■ Activity ■
Every line of the records that holds the word "open" should be copied.

■ Data supplied ■

(* Let $k$ be a field of characteristic $p>0$ and let $G=H\times C$ be a finite group scheme over $k$, where $H$ is a finite group scheme over $k$ and $C$ is the group scheme of a cyclic group of order $p$ with generator $z$; put $Z=z-1$, so $kC\cong k[Z]/(Z^p)$ and $kG\cong kH\otimes k[Z]/(Z^p)$. Let $C_*$ and $D_*$ be chain complexes of $kH$-modules concentrated in nonnegative degrees, and let $M(C_*,n)$, $M(D_*,n)$ be the resolution modules defined in the context. Then: (1) Any chain map $\sigma:C_*\to D_*$ (degree preserving, $\sigma_i:C_i\to D_i$) induces a $kG$-homomorphism $M(\sigma):M(C_*,n)\to M(D_*,n)$, given on each $kH$-summand by the corresponding component of $\sigma$, for every positive integer $n$ and for $n=\infty$. (2) For every positive integer $n$ and for $n=\infty$, $M(C_*\oplus D_*,n)\cong M(C_*,n)\oplus M(D_*,n)$. (3) If $J$ is a subgroup scheme of $H$, then the restriction of $M(C_*,n)$ to $J\times C$ is isomorphic to $M((C_* )_{\downarrow kJ},n)$, where $(C_* )_{\downarrow kJ}$ is $C_*$ regarded as a complex of $kJ$-modules. (4) If $C_*$ is an exact complex of projective $kH$-modules, then $M(C_*,\infty)$ is zero in the stable module category $\mathbf{StMod}(kG)$ (i.e. it is projective). (5) If $C_*$ and $D_*$ are projective resolutions of the same $kH$-module $N$, then $M(C_*,\infty)\cong M(D_*,\infty)$ in $\mathbf{StMod}(kG)$.
   Context: A $kG$-module is the same as a $kH$-module together with a $kH$-linear endomorphism $Z$ with $Z^p=0$. For a complex $\cdots\to C_2\xrightarrow{\partial}C_1\xrightarrow{\partial}C_0\to 0$ of $kH$-modules and a positive integer $n$, the resolution module $M(C_*,n)$ is the $kG$-module whose restriction to $kH$ is $C_0\oplus C_1^{p-1}\oplus C_2\oplus C_3^{p-1}\oplus\cdots\oplus C_{2n-1}^{p-1}$, with $Z$ acting as follows: for $i$ odd and $(m_1,\dots,m_{p-1})\in C_i^{p-1}$, $Z(m_1,\dots,m_{p-1})=(0,m_1,\dots,m_{p-2})+\partial(m_{p-1})\in C_i^{p-1}\oplus C_{i-1}$; for $m\in C_0$, $Zm=0$; for $m\in C_{2j}$ with $j>0$, $Zm=(\partial(m),0,\dots,0)\in C_{2j-1}^{p-1}$. These form a nested sequence $M(C_*,1)\subseteq M(C_*,2)\subseteq\cdots$ and $M(C_*,\infty)$ is the union, whose restriction to $kH$ is $\bigoplus_{i\ge0}(C_{2i}\oplus C_{2i+1}^{p-1})$ with the same $Z$-action. $\mathbf{StMod}(kG)$ denotes the stable category of all $kG$-modules modulo projectives. *)

theory Defs
  imports Main "HOL-Library.Function_Algebras" "HOL-Library.Product_Plus"
          "HOL-Library.Extended_Nat"
begin

text \<open>A finite group scheme H over k is encoded by its group algebra kH, a
finite-dimensional cocommutative Hopf algebra over k, given by structure constants
with respect to a basis indexed by a finite type 'b.  Elements of kH are coefficient
vectors 'b => 'k.
  e_i e_j = sum_l mc i j l e_l ;  1 = sum_l un l e_l ;
  Delta e_l = sum_{i,j} dc l i j (e_i (x) e_j) ;  eps e_l = ep l ;  S e_i = sum_m sc i m e_m.\<close>

record ('b, 'k) hopf =
  mc :: "'b \<Rightarrow> 'b \<Rightarrow> 'b \<Rightarrow> 'k"
  un :: "'b \<Rightarrow> 'k"
  dc :: "'b \<Rightarrow> 'b \<Rightarrow> 'b \<Rightarrow> 'k"
  ep :: "'b \<Rightarrow> 'k"
  sc :: "'b \<Rightarrow> 'b \<Rightarrow> 'k"

definition kron :: "'a \<Rightarrow> 'a \<Rightarrow> 'k::field" where
  "kron a b = (if a = b then 1 else 0)"

definition finite_group_scheme :: "('b::finite, 'k::field) hopf \<Rightarrow> bool" where
  "finite_group_scheme H \<longleftrightarrow>
     \<comment> \<open>associativity and unit\<close>
     (\<forall>i j k m. (\<Sum>l\<in>UNIV. mc H i j l * mc H l k m) = (\<Sum>l\<in>UNIV. mc H j k l * mc H i l m)) \<and>
     (\<forall>j l. (\<Sum>i\<in>UNIV. un H i * mc H i j l) = kron j l) \<and>
     (\<forall>j l. (\<Sum>i\<in>UNIV. un H i * mc H j i l) = kron j l) \<and>
     \<comment> \<open>coassociativity, counit, cocommutativity\<close>
     (\<forall>l a b c. (\<Sum>m\<in>UNIV. dc H l m c * dc H m a b) = (\<Sum>m\<in>UNIV. dc H l a m * dc H m b c)) \<and>
     (\<forall>l j. (\<Sum>i\<in>UNIV. ep H i * dc H l i j) = kron l j) \<and>
     (\<forall>l i. (\<Sum>j\<in>UNIV. ep H j * dc H l i j) = kron l i) \<and>
     (\<forall>l i j. dc H l i j = dc H l j i) \<and>
     \<comment> \<open>comultiplication and counit are algebra maps\<close>
     (\<forall>i j a b. (\<Sum>l\<in>UNIV. mc H i j l * dc H l a b) =
        (\<Sum>a1\<in>UNIV. \<Sum>b1\<in>UNIV. \<Sum>a2\<in>UNIV. \<Sum>b2\<in>UNIV. dc H i a1 b1 * dc H j a2 b2 * mc H a1 a2 a * mc H b1 b2 b)) \<and>
     (\<forall>a b. (\<Sum>l\<in>UNIV. un H l * dc H l a b) = un H a * un H b) \<and>
     (\<forall>i j. (\<Sum>l\<in>UNIV. mc H i j l * ep H l) = ep H i * ep H j) \<and>
     (\<Sum>l\<in>UNIV. un H l * ep H l) = 1 \<and>
     \<comment> \<open>antipode\<close>
     (\<forall>l c. (\<Sum>i\<in>UNIV. \<Sum>j\<in>UNIV. \<Sum>m\<in>UNIV. dc H l i j * sc H i m * mc H m j c) = ep H l * un H c) \<and>
     (\<forall>l c. (\<Sum>i\<in>UNIV. \<Sum>j\<in>UNIV. \<Sum>m\<in>UNIV. dc H l i j * sc H j m * mc H i m c) = ep H l * un H c)"

definition hmult :: "('b::finite, 'k::field) hopf \<Rightarrow> ('b \<Rightarrow> 'k) \<Rightarrow> ('b \<Rightarrow> 'k) \<Rightarrow> ('b \<Rightarrow> 'k)" where
  "hmult H x y = (\<lambda>l. \<Sum>i\<in>UNIV. \<Sum>j\<in>UNIV. x i * y j * mc H i j l)"

definition hcomult :: "('b::finite, 'k::field) hopf \<Rightarrow> ('b \<Rightarrow> 'k) \<Rightarrow> ('b \<Rightarrow> 'b \<Rightarrow> 'k)" where
  "hcomult H x = (\<lambda>i j. \<Sum>l\<in>UNIV. x l * dc H l i j)"

definition hantipode :: "('b::finite, 'k::field) hopf \<Rightarrow> ('b \<Rightarrow> 'k) \<Rightarrow> ('b \<Rightarrow> 'k)" where
  "hantipode H x = (\<lambda>m. \<Sum>i\<in>UNIV. x i * sc H i m)"

definition tensor_span :: "('b \<Rightarrow> 'k::field) set \<Rightarrow> ('b \<Rightarrow> 'b \<Rightarrow> 'k) set" where
  "tensor_span J = {t. \<exists>(n::nat) f g. (\<forall>q<n. f q \<in> J \<and> g q \<in> J) \<and>
                          t = (\<lambda>i j. \<Sum>q<n. f q i * g q j)}"

text \<open>Subgroup schemes J of H correspond to Hopf subalgebras kJ of kH.\<close>
definition subgroup_scheme :: "('b::finite, 'k::field) hopf \<Rightarrow> ('b \<Rightarrow> 'k) set \<Rightarrow> bool" where
  "subgroup_scheme H J \<longleftrightarrow>
     0 \<in> J \<and> (\<forall>x\<in>J. \<forall>y\<in>J. x + y \<in> J) \<and> (\<forall>c. \<forall>x\<in>J. (\<lambda>i. c * x i) \<in> J) \<and>
     un H \<in> J \<and> (\<forall>x\<in>J. \<forall>y\<in>J. hmult H x y \<in> J) \<and>
     (\<forall>x\<in>J. hcomult H x \<in> tensor_span J) \<and> (\<forall>x\<in>J. hantipode H x \<in> J)"

text \<open>A module over the subalgebra S of kH (S = UNIV: kH-modules; S = kJ: kJ-modules),
carried by a subset of an abelian group type 'v.  A kG-module (G = H x C, C cyclic of
order p) is such a module together with an S-linear endomorphism Z with Z^p = 0.\<close>

record ('v, 'b, 'k) hmod =
  car :: "'v set"
  act :: "('b \<Rightarrow> 'k) \<Rightarrow> 'v \<Rightarrow> 'v"

record ('v, 'b, 'k) gmod = "('v, 'b, 'k) hmod" +
  zop :: "'v \<Rightarrow> 'v"

definition is_hmod :: "('b::finite, 'k::field) hopf \<Rightarrow> ('b \<Rightarrow> 'k) set
    \<Rightarrow> ('v::ab_group_add, 'b, 'k, 'z) hmod_scheme \<Rightarrow> bool" where
  "is_hmod H S M \<longleftrightarrow>
     0 \<in> car M \<and> (\<forall>v\<in>car M. \<forall>w\<in>car M. v + w \<in> car M) \<and> (\<forall>v\<in>car M. - v \<in> car M) \<and>
     (\<forall>a\<in>S. \<forall>v\<in>car M. act M a v \<in> car M) \<and>
     (\<forall>a\<in>S. \<forall>v\<in>car M. \<forall>w\<in>car M. act M a (v + w) = act M a v + act M a w) \<and>
     (\<forall>a\<in>S. \<forall>b\<in>S. \<forall>v\<in>car M. act M (a + b) v = act M a v + act M b v) \<and>
     (\<forall>a\<in>S. \<forall>b\<in>S. \<forall>v\<in>car M. act M (hmult H a b) v = act M a (act M b v)) \<and>
     (\<forall>v\<in>car M. act M (un H) v = v)"

definition is_gmod :: "nat \<Rightarrow> ('b::finite, 'k::field) hopf \<Rightarrow> ('b \<Rightarrow> 'k) set
    \<Rightarrow> ('v::ab_group_add, 'b, 'k) gmod \<Rightarrow> bool" where
  "is_gmod p H S M \<longleftrightarrow> is_hmod H S M \<and>
     (\<forall>v\<in>car M. zop M v \<in> car M) \<and>
     (\<forall>v\<in>car M. \<forall>w\<in>car M. zop M (v + w) = zop M v + zop M w) \<and>
     (\<forall>a\<in>S. \<forall>v\<in>car M. zop M (act M a v) = act M a (zop M v)) \<and>
     (\<forall>v\<in>car M. (zop M ^^ p) v = 0)"

definition is_hhom :: "('b \<Rightarrow> 'k) set \<Rightarrow> ('v::ab_group_add, 'b, 'k, 'z1) hmod_scheme
    \<Rightarrow> ('w::ab_group_add, 'b, 'k, 'z2) hmod_scheme \<Rightarrow> ('v \<Rightarrow> 'w) \<Rightarrow> bool" where
  "is_hhom S M N f \<longleftrightarrow> (\<forall>v\<in>car M. f v \<in> car N) \<and>
     (\<forall>v\<in>car M. \<forall>w\<in>car M. f (v + w) = f v + f w) \<and>
     (\<forall>a\<in>S. \<forall>v\<in>car M. f (act M a v) = act N a (f v))"

definition is_ghom :: "('b \<Rightarrow> 'k) set \<Rightarrow> ('v::ab_group_add, 'b, 'k) gmod
    \<Rightarrow> ('w::ab_group_add, 'b, 'k) gmod \<Rightarrow> ('v \<Rightarrow> 'w) \<Rightarrow> bool" where
  "is_ghom S M N f \<longleftrightarrow> is_hhom S M N f \<and> (\<forall>v\<in>car M. f (zop M v) = zop N (f v))"

definition is_giso :: "('b \<Rightarrow> 'k) set \<Rightarrow> ('v::ab_group_add, 'b, 'k) gmod
    \<Rightarrow> ('w::ab_group_add, 'b, 'k) gmod \<Rightarrow> ('v \<Rightarrow> 'w) \<Rightarrow> bool" where
  "is_giso S M N f \<longleftrightarrow> is_ghom S M N f \<and> bij_betw f (car M) (car N)"

definition gsum :: "('v::ab_group_add, 'b, 'k) gmod \<Rightarrow> ('w::ab_group_add, 'b, 'k) gmod
    \<Rightarrow> ('v \<times> 'w, 'b, 'k) gmod" where
  "gsum M N = \<lparr> car = car M \<times> car N,
                act = (\<lambda>a (v, w). (act M a v, act N a w)),
                zop = (\<lambda>(v, w). (zop M v, zop N w)) \<rparr>"

definition gres :: "('b \<Rightarrow> 'k) set \<Rightarrow> ('v::ab_group_add, 'b, 'k) gmod \<Rightarrow> ('v, 'b, 'k) gmod" where
  "gres J M = M \<lparr> act := (\<lambda>a v. if a \<in> J then act M a v else 0) \<rparr>"

definition hfree :: "('b::finite, 'k::field) hopf \<Rightarrow> 'v set \<Rightarrow> ('v \<Rightarrow> 'b \<Rightarrow> 'k, 'b, 'k) hmod" where
  "hfree H X = \<lparr> car = {f. finite {v. f v \<noteq> 0} \<and> (\<forall>v. v \<notin> X \<longrightarrow> f v = 0)},
                 act = (\<lambda>a f v. hmult H a (f v)) \<rparr>"

text \<open>Free kG-module with basis X, where kG = kH (x) k[Z]/(Z^p): an element of kG is
written sum_{j<p} a_j Z^j, stored as j |-> a_j.\<close>
definition gfree :: "nat \<Rightarrow> ('b::finite, 'k::field) hopf \<Rightarrow> 'v set
    \<Rightarrow> ('v \<Rightarrow> nat \<Rightarrow> 'b \<Rightarrow> 'k, 'b, 'k) gmod" where
  "gfree p H X = \<lparr> car = {f. finite {(v, j). f v j \<noteq> 0} \<and>
                             (\<forall>v j. v \<notin> X \<or> p \<le> j \<longrightarrow> f v j = 0)},
                   act = (\<lambda>a f v j. hmult H a (f v j)),
                   zop = (\<lambda>f v j. if j = 0 \<or> p \<le> j then 0 else f v (j - 1)) \<rparr>"

text \<open>Projective = direct summand of a free module (here: the free module on the
underlying set, which suffices).\<close>
definition hproj :: "('b::finite, 'k::field) hopf \<Rightarrow> ('v::ab_group_add, 'b, 'k, 'z) hmod_scheme \<Rightarrow> bool" where
  "hproj H P \<longleftrightarrow> is_hmod H UNIV P \<and>
     (\<exists>i r. is_hhom UNIV P (hfree H (car P)) i \<and> is_hhom UNIV (hfree H (car P)) P r \<and>
            (\<forall>v\<in>car P. r (i v) = v))"

definition gproj :: "nat \<Rightarrow> ('b::finite, 'k::field) hopf \<Rightarrow> ('v::ab_group_add, 'b, 'k) gmod \<Rightarrow> bool" where
  "gproj p H P \<longleftrightarrow> is_gmod p H UNIV P \<and>
     (\<exists>i r. is_ghom UNIV P (gfree p H (car P)) i \<and> is_ghom UNIV (gfree p H (car P)) P r \<and>
            (\<forall>v\<in>car P. r (i v) = v))"

text \<open>A kG-map f : M -> N is zero in StMod(kG) iff it factors through a projective
module.  Every such map factors through a projective (indeed free) module carried by
the type 'w => nat => 'b => 'k (the free module on the carrier of N), so we fix this
carrier type for the witness.\<close>
definition stably_zero :: "nat \<Rightarrow> ('b::finite, 'k::field) hopf \<Rightarrow> ('v::ab_group_add, 'b, 'k) gmod
    \<Rightarrow> ('w::ab_group_add, 'b, 'k) gmod \<Rightarrow> ('v \<Rightarrow> 'w) \<Rightarrow> bool" where
  "stably_zero p H M N f \<longleftrightarrow>
     (\<exists>(P :: ('w \<Rightarrow> nat \<Rightarrow> 'b \<Rightarrow> 'k, 'b, 'k) gmod) \<alpha> \<beta>. gproj p H P \<and>
        is_ghom UNIV M P \<alpha> \<and> is_ghom UNIV P N \<beta> \<and> (\<forall>v\<in>car M. f v = \<beta> (\<alpha> v)))"

definition stable_iso :: "nat \<Rightarrow> ('b::finite, 'k::field) hopf \<Rightarrow> ('v::ab_group_add, 'b, 'k) gmod
    \<Rightarrow> ('w::ab_group_add, 'b, 'k) gmod \<Rightarrow> bool" where
  "stable_iso p H M N \<longleftrightarrow>
     (\<exists>f g. is_ghom UNIV M N f \<and> is_ghom UNIV N M g \<and>
        stably_zero p H M M (\<lambda>v. g (f v) - v) \<and> stably_zero p H N N (\<lambda>w. f (g w) - w))"

text \<open>cc i is C_i, cact i its action, dd (Suc i) : C_(i+1) -> C_i the differential
(dd 0 is unused: C_0 -> 0).\<close>
record ('c, 'b, 'k) cx =
  cc :: "nat \<Rightarrow> 'c set"
  cact :: "nat \<Rightarrow> ('b \<Rightarrow> 'k) \<Rightarrow> 'c \<Rightarrow> 'c"
  dd :: "nat \<Rightarrow> 'c \<Rightarrow> 'c"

■ Output of the task ■
text \<open>A finite group scheme H over k is encoded by its group algebra kH, a
     \<comment> \<open>associativity and unit\<close>
     \<comment> \<open>coassociativity, counit, cocommutativity\<close>
     \<comment> \<open>comultiplication and counit are algebra maps\<close>
     \<comment> \<open>antipode\<close>
text \<open>Subgroup schemes J of H correspond to Hopf subalgebras kJ of kH.\<close>
text \<open>A module over the subalgebra S of kH (S = UNIV: kH-modules; S = kJ: kJ-modules),
text \<open>Free kG-module with basis X, where kG = kH (x) k[Z]/(Z^p): an element of kG is
text \<open>Projective = direct summand of a free module (here: the free module on the
text \<open>A kG-map f : M -> N is zero in StMod(kG) iff it factors through a projective
text \<open>cc i is C_i, cact i its action, dd (Suc i) : C_(i+1) -> C_i the differential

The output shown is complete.